AFTER DEADLINE
Lots of voices but a lot less news
By Mark Platte
A couple of hundred media people, public relations professionals, information specialists and others listened to several panel discussions on March 18 about the future of the news media at an event in Honolulu called NewsMorphosis 2.0.
As speakers waxed on about whether old media or new media would prevail, few wanted to talk about what the local news media landscape is going to look like in a few months.
Everyone agrees that the consolidation of The Advertiser and Star-Bulletin is not a good thing and that having three television news staffs instead of four limits news competition as well. But it became almost a given at this conference that online news services, bloggers, citizen journalists, Facebook aficionados and Twitterers will fill in the gaps that the professionals leave behind.
No less than Gov. Linda Lingle told Star-Bulletin owner David Black, who is attempting to buy The Advertiser, that having a single daily newspaper in Honolulu wasn't such a big deal. According to the Star-Bulletin, Black said he had wanted to preserve the unique editorial voices of both newspapers but that Lingle told him that it isn't as important as it once was.
"She said, 'You know that's not really an issue,' " Black told his newspaper. "She said, 'Think of all the editorial voices around because of the Internet.' I wasn't really thinking of it that way, but that's right. The average citizen has a wealth of editorial voices if they want to pursue that."
Yes, there are many voices out there ready to offer opinions, but there are few media organizations that do the legwork needed to find public documents, hold elected officials accountable and, if needed, file lawsuits that can turn loose information that the public needs to know. Hawai'i's public records laws are among the most dismal in the nation and government's adherence to those laws is sorely lacking.
For example, Advertiser reporter Sean Hao is the only journalist covering our $6 billion rail project on an almost full-time basis. Without his stories, readers would have little idea what is really happening with the state's largest public works project other than the press conferences and news releases issued by the mayor and his pro-rail forces or the anti-rail hui of Cliff Slater, Panos Prevedouros and others.

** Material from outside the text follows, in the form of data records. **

(* With the notation below, after separating the $\nu$ null directions of $\mathcal L$, $$\sum_{a\in G_K^m}\exp\bigl(2\pi i\,Q_{\mathcal L,K}(a)\bigr)=|G_K|^{\nu}\sum_{[y]\in G_K^{\rho}}\exp\!\bigl(\pi i\,y^\top(\mathcal L_{\mathrm{reg}}\otimes K^{-1})y\bigr).$$
   Context: $K\in M_n(\mathbb Z)$ is symmetric, nondegenerate and even; $G_K=\mathbb Z^n/K\mathbb Z^n$. $\mathcal L\in M_m(\mathbb Z)$ is a symmetric integer matrix (the linking matrix of a framed link) with rank $\rho$ and nullity $\nu=m-\rho$; $U\in GL_m(\mathbb Z)$ with $U^\top\mathcal LU=\mathrm{diag}(\mathcal L_{\mathrm{reg}},0)$, $\mathcal L_{\mathrm{reg}}\in M_\rho(\mathbb Z)$ nondegenerate. For $a\in G_K^m$ with integer lifts $x=(x_1,\dots,x_m)$, $Q_{\mathcal L,K}(a)\equiv\frac12x^\top(\mathcal L\otimes K^{-1})x\pmod1$; the summand on the right is evaluated at integer lifts of $y$. *)

theory Defs
  imports "Jordan_Normal_Form.Gauss_Jordan_Elimination" "Jordan_Normal_Form.Determinant"
    Complex_Main
begin

definition kron :: "'a::times mat \<Rightarrow> 'a mat \<Rightarrow> 'a mat" where
  "kron A B = mat (dim_row A * dim_row B) (dim_col A * dim_col B)
     (\<lambda>(i,j). A $$ (i div dim_row B, j div dim_col B) * B $$ (i mod dim_row B, j mod dim_col B))"

definition inv_real :: "int mat \<Rightarrow> real mat" where
  "inv_real K = the (mat_inverse (map_mat real_of_int K))"

definition even_mat :: "int mat \<Rightarrow> bool" where
  "even_mat K \<longleftrightarrow> (\<forall>i < dim_row K. even (K $$ (i,i)))"

(* the discriminant group G_K = Z^n / K Z^n, as a set of cosets *)
definition lat_rel :: "int mat \<Rightarrow> (int vec \<times> int vec) set" where
  "lat_rel K = {(x,y). x \<in> carrier_vec (dim_row K) \<and> y \<in> carrier_vec (dim_row K) \<and>
      (\<exists>z \<in> carrier_vec (dim_col K). x - y = K *\<^sub>v z)}"

definition GK :: "int mat \<Rightarrow> int vec set set" where
  "GK K = carrier_vec (dim_row K) // lat_rel K"

definition GKpow :: "int mat \<Rightarrow> nat \<Rightarrow> (nat \<Rightarrow> int vec set) set" where
  "GKpow K k = PiE {..<k} (\<lambda>_. GK K)"

definition lift :: "int mat \<Rightarrow> nat \<Rightarrow> (nat \<Rightarrow> int vec set) \<Rightarrow> int vec" where
  "lift K k a = (let n = dim_row K in
     vec (k * n) (\<lambda>t. (SOME v. v \<in> a (t div n)) $ (t mod n)))"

Politicians talk about maintaining multiple editorial voices but really don't believe it. When it looked like the Star-Bulletin was going to close in 1999, then-Gov. Ben Cayetano said, "I could care less if Hawai'i has one or two daily newspapers," a comment he now says was made in jest and followed up by his order to his attorney general to block the sale.

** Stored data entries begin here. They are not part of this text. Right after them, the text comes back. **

(* Let $v\in\mathbb{C}$ and let $S$ be a fixed positive integer. As $n\to\infty$, \begin{align*} \int_{1/2}^{1}e^{n(1-z+\log z)}z^v\,dz&=\sum_{s=0}^{S-1}\Gamma\!\left(\frac{s+1}{2}\right)\frac{(-1)^s\beta_s(v)}{n^{(s+1)/2}}+O\!\left(\frac{1}{n^{(S+1)/2}}\right),\\ \int_{1}^{3/2}e^{n(1-z+\log z)}z^v\,dz&=\sum_{s=0}^{S-1}\Gamma\!\left(\frac{s+1}{2}\right)\frac{\beta_s(v)}{n^{(s+1)/2}}+O\!\left(\frac{1}{n^{(S+1)/2}}\right), \end{align*} where \[ \beta_s(v)=\sum_{m=0}^{s}(-1)^m\binom{v}{s-m}\sum_{k=0}^{m}2^{(s-1)/2+k}\binom{-(s+1)/2}{k}\mathcal{A}_{m,k}\!\left(\tfrac13,\tfrac14,\tfrac15,\dots\right). \]
   Context: De Moivre polynomial $\mathcal{A}_{n,k}(a_1,a_2,\dots)$: coefficient of $x^n$ in $(a_1x+a_2x^2+\cdots)^k$. For complex $x$ and integer $j\geq0$, $\binom{x}{j}=x(x-1)\cdots(x-j+1)/j!$. $z^v=e^{v\log z}$ for $z>0$. *)

theory Defs
  imports "HOL-Analysis.Analysis" "HOL-Computational_Algebra.Formal_Power_Series"
          "HOL-Library.Landau_Symbols"
begin

definition de_moivre :: "nat \<Rightarrow> nat \<Rightarrow> (nat \<Rightarrow> complex) \<Rightarrow> complex" where
  "de_moivre n k a = fps_nth ((Abs_fps (\<lambda>j. if j = 0 then 0 else a j)) ^ k) n"

text \<open>beta_s(v); the sequence (1/3, 1/4, 1/5, ...) is a_j = 1/(j+2).\<close>
definition beta :: "nat \<Rightarrow> complex \<Rightarrow> complex" where
  "beta s v = (\<Sum>m=0..s. (-1)^m * (v gchoose (s - m)) *
     (\<Sum>k=0..m. complex_of_real (2 powr ((real s - 1) / 2 + real k)) *
        ((- (of_nat s + 1) / 2 :: complex) gchoose k) *
        de_moivre m k (\<lambda>j. 1 / (of_nat j + 2))))"

end

theory Submission
  imports Defs "HOL-Complex_Analysis.Complex_Analysis" "HOL-Probability.Probability" "HOL-Real_Asymp.Real_Asymp"
begin

text \<open>
  Put \<open>z = 1 + x\<close>. The phase is \<open>1 - z + ln z = -(x - ln (1 + x)) = -w^2/2\<close> for the Gaussian
  coordinate \<open>w = x \<psi>(x)^(1/2)\<close>, where \<open>\<psi>(x) = 2 (x - ln (1 + x)) / x^2\<close> is analytic near \<open>0\<close>
  with \<open>\<psi>(0) = 1\<close>. Lagrange inversion expands \<open>(1 + x)^v = (\<Sum>s<S. c_s w^s dw/dx) + O(x^S)\<close>
  with \<open>c_s = [x^s] \<psi>(x)^(-(s+1)/2) (1 + x)^v\<close>, and \<open>\<beta>_s(v) = 2^((s-1)/2) c_s\<close>.
  On either side of \<open>z = 1\<close> the substitution \<open>x \<mapsto> w\<close> turns the \<open>s\<close>-th term into a truncated
  Gaussian moment \<open>\<integral> w^s exp(-n w^2/2) dw\<close>, which equals \<open>\<Gamma>((s+1)/2) 2^((s-1)/2) / n^((s+1)/2)\<close>
  up to an exponentially small error; on the left side \<open>w\<close> is negative, which produces the sign
  \<open>(-1)^s\<close>. Since \<open>x - ln (1 + x) \<ge> x^2/3\<close> for \<open>\<bar>x\<bar> \<le> 1/2\<close>, the remainder contributes
  \<open>O(n^(-(S+1)/2))\<close>.
\<close>

section \<open>Lagrange inversion for formal power series\<close>

definition fps_1p_powr :: "'a::field_char_0 fps \<Rightarrow> 'a \<Rightarrow> 'a fps" where
  "fps_1p_powr B a = fps_binomial a oo B"

lemma fps_1p_powr_0 [simp]: "fps_1p_powr B 0 = 1"
  by (simp add: fps_1p_powr_def)

lemma fps_1p_powr_nth_0 [simp]: "fps_1p_powr B a $ 0 = 1"
  by (simp add: fps_1p_powr_def)

lemma fps_1p_powr_add:
  fixes B :: "'a::field_char_0 fps"
  shows "B $ 0 = 0 \<Longrightarrow> fps_1p_powr B (a + b) = fps_1p_powr B a * fps_1p_powr B b"
  by (simp add: fps_1p_powr_def fps_binomial_add_mult fps_compose_mult_distrib)

lemma fps_1p_powr_power:
  fixes B :: "'a::field_char_0 fps"
  assumes "B $ 0 = 0"
  shows "fps_1p_powr B a ^ n = fps_1p_powr B (of_nat n * a)"
  by (induction n) (simp_all add: fps_1p_powr_add[OF assms, symmetric] algebra_simps)

lemma fps_deriv_fps_binomial:
  "fps_deriv (fps_binomial a) = fps_const a * fps_binomial (a - 1)"
  by (rule fps_ext) (simp add: gbinomial_absorption[simplified])

lemma fps_deriv_fps_1p_powr:
  fixes B :: "'a::field_char_0 fps"
  assumes "B $ 0 = 0"
  shows "fps_deriv (fps_1p_powr B a) = fps_const a * fps_1p_powr B (a - 1) * fps_deriv B"
  using fps_compose_deriv[OF assms, of "fps_binomial a"]
  by (simp add: fps_1p_powr_def fps_deriv_fps_binomial fps_compose_mult_distrib[OF assms])

definition lagrange_var :: "'a::field_char_0 fps \<Rightarrow> 'a fps" where
  "lagrange_var B = fps_X * fps_1p_powr B (1/2)"

text \<open>With \<open>W = lagrange_var B\<close> and \<open>b = (j - s)/2\<close>, the product below equals
  \<open>X^j (Q + X Q'/(2b))\<close> for \<open>Q = fps_1p_powr B b\<close>, whose coefficient of \<open>X^(s-j)\<close>,
  \<open>Q_r (1 + r/(2b))\<close> with \<open>r = s - j\<close>, vanishes for \<open>r > 0\<close>.\<close>
lemma lagrange_residue:
  fixes B :: "'a::field_char_0 fps"
  assumes B0: "B $ 0 = 0"
  shows "(fps_1p_powr B (- (of_nat s + 1) / 2) * (lagrange_var B ^ j * fps_deriv (lagrange_var B))) $ s
           = (if j = s then 1 else 0)"
proof -
  define P where "P = fps_1p_powr B"
  define b :: 'a where "b = (of_nat j - of_nat s) / 2"
  have W_power: "lagrange_var B ^ j = fps_X ^ j * P (of_nat j / 2)"
    by (simp add: lagrange_var_def P_def power_mult_distrib fps_1p_powr_power[OF B0])
  have W_deriv: "fps_deriv (lagrange_var B) = P (1/2) + fps_X * (fps_const (1/2) * P (-1/2) * fps_deriv B)"
    by (simp add: lagrange_var_def P_def fps_deriv_fps_1p_powr[OF B0])
  have "P b = P (- (of_nat s + 1) / 2 + of_nat j / 2 + 1/2)"
    by (rule arg_cong[of _ _ P]) (simp add: b_def field_simps)
  then have "P b = P (- (of_nat s + 1) / 2) * P (of_nat j / 2) * P (1/2)"
    by (simp only: P_def fps_1p_powr_add[OF B0])
  moreover have "P (b - 1) = P (- (of_nat s + 1) / 2 + of_nat j / 2 + -1/2)"
    by (rule arg_cong[of _ _ P]) (simp add: b_def field_simps)
  then have "P (b - 1) = P (- (of_nat s + 1) / 2) * P (of_nat j / 2) * P (-1/2)"
    by (simp only: P_def fps_1p_powr_add[OF B0])
  ultimately have prod: "P (- (of_nat s + 1) / 2) * (lagrange_var B ^ j * fps_deriv (lagrange_var B))
      = fps_X ^ j * (P b + fps_X * (fps_const (1/2) * P (b - 1) * fps_deriv B))"
    unfolding W_power W_deriv by (simp add: algebra_simps)
  have "(fps_X ^ j * (P b + fps_X * (fps_const (1/2) * P (b - 1) * fps_deriv B))) $ s
          = (if j = s then 1 else 0)"
  proof (cases "j < s")
    case True
    define r where "r = s - j"
    have s: "s = j + r" and r: "r > 0" using True by (auto simp: r_def)
    have b: "2 * b = - of_nat r" using s by (simp add: b_def field_simps)
    then have "b \<noteq> 0" using r by auto
    then have "fps_const (1/2) * P (b - 1) * fps_deriv B = fps_const (1 / (2 * b)) * fps_deriv (P b)"
      by (simp add: P_def fps_deriv_fps_1p_powr[OF B0] fps_const_mult[symmetric] mult.assoc[symmetric])
    then have "(fps_const (1/2) * P (b - 1) * fps_deriv B) $ (r - 1) = - (P b $ r)"
      using r b by (simp add: field_simps)
    then show ?thesis using s r by (simp add: fps_X_power_mult_nth)
  qed (auto simp: fps_X_power_mult_nth P_def)
  then show ?thesis by (simp only: prod[unfolded P_def] P_def)
qed

definition lagrange_coeff :: "'a::field_char_0 fps \<Rightarrow> 'a fps \<Rightarrow> nat \<Rightarrow> 'a" where
  "lagrange_coeff B F s = (fps_1p_powr B (- (of_nat s + 1) / 2) * F) $ s"

lemma lagrange_expansion_remainder_nth:
  fixes B F :: "'a::field_char_0 fps"
  assumes B0: "B $ 0 = 0" and "j < S"
  shows "(F - (\<Sum>s<S. fps_const (lagrange_coeff B F s) * (lagrange_var B ^ s * fps_deriv (lagrange_var B)))) $ j
           = 0"
  using \<open>j < S\<close>
proof (induction j rule: less_induct)
  case (less j)
  define R where
    "R = F - (\<Sum>s<S. fps_const (lagrange_coeff B F s) * (lagrange_var B ^ s * fps_deriv (lagrange_var B)))"
  define P where "P = fps_1p_powr B (- (of_nat j + 1) / 2)"
  have "P * R = P * F - (\<Sum>s<S. fps_const (lagrange_coeff B F s) *
                   (P * (lagrange_var B ^ s * fps_deriv (lagrange_var B))))"
    by (simp add: R_def right_diff_distrib sum_distrib_left mult.left_commute)
  then have "(P * R) $ j = lagrange_coeff B F j -
      (\<Sum>s<S. lagrange_coeff B F s * (P * (lagrange_var B ^ s * fps_deriv (lagrange_var B))) $ j)"
    by (simp add: P_def lagrange_coeff_def fps_sum_nth)
  also have "\<dots> = lagrange_coeff B F j - (\<Sum>s<S. lagrange_coeff B F s * (if s = j then 1 else 0))"
    by (simp only: P_def lagrange_residue[OF B0])
  also have "\<dots> = 0" using less.prems by (simp add: if_distrib sum.delta' cong: if_cong)
  finally have "(P * R) $ j = 0" .
  moreover have "(P * R) $ j = (\<Sum>i\<in>{0}. P $ i * R $ (j - i))"
    unfolding fps_mult_nth using less by (intro sum.mono_neutral_right) (auto simp: R_def)
  ultimately show ?case by (simp add: P_def R_def)
qed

Former Mayor Frank Fasi, who fought ferociously with the two daily newspapers, was equally delighted with the news of the Star-Bulletin's demise. Most elected officials, as well as government workers and business leaders, would also prefer it if nobody was watching. There are resolutions in the state Legislature and at the City Council urging Black to provide enough time for a new Star-Bulletin owner to be found, but a buyer is unlikely.
The Pew Research Center's Project for Excellence in Journalism (www.stateofthemedia.org/2010/index.php) offers a sobering look at newsgathering efforts since 2000, estimating that our industry has lost 30 percent, or $1.6 billion, of its annual reporting and editing capacity. It also concludes that 5,900 newsroom jobs were lost nationwide in 2009. Since 2001, about one-third of all newspaper jobs have disappeared with much of that reporting firepower lost in statehouse coverage, community journalism and science and arts reporting.

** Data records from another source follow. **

lemma secant_count_eq_sum: "secant_count L S Q = (\<Sum>l\<in>{l\<in>L. Q \<in> l}. card (l \<inter> S) choose 2)"
  unfolding secant_count_def
  by (rule sum.mono_neutral_left) (auto simp: finite_lines binomial_eq_0)

lemma secant_count_increase:
  assumes "S \<inter> T = {}" "new_secant_through T S Q"
  shows "secant_count L T Q < secant_count L (T \<union> S) Q"
proof -
  obtain l a b where l: "l \<in> L" "Q \<in> l" and a: "a \<in> S \<inter> l" and b: "b \<in> (S \<union> T) \<inter> l" "b \<noteq> a"
    using assms(2) unfolding new_secant_through_def by blast
  have fin: "finite l" using finite_line[OF l(1)] .
  have "card (l \<inter> T) < card (l \<inter> (T \<union> S))"
    using a assms(1) fin by (intro psubset_card_mono) auto
  moreover have "2 \<le> card (l \<inter> (T \<union> S))"
    using card_mono[of "l \<inter> (T \<union> S)" "{a, b}"] a b fin by auto
  ultimately have "card (l \<inter> T) choose 2 < card (l \<inter> (T \<union> S)) choose 2"
    by (rule choose_two_strict_mono)
  moreover have "card (l' \<inter> T) choose 2 \<le> card (l' \<inter> (T \<union> S)) choose 2" if "l' \<in> L" for l'
    using finite_line[OF that] by (intro binomial_right_mono card_mono) auto
  ultimately show ?thesis
    unfolding secant_count_eq_sum using l finite_lines by (intro sum_strict_mono_ex1) auto
qed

Online news services and bloggers provide a valuable and less expensive way of gathering news and will be instrumental in keeping the discussion of civic life going. But it won't be close to what a daily newspaper and its accompanying Web site can provide, from covering local high school sports to reporting neighborhood news. For those who believe such a loss doesn't matter in this community, ask yourself in a few months what you're missing.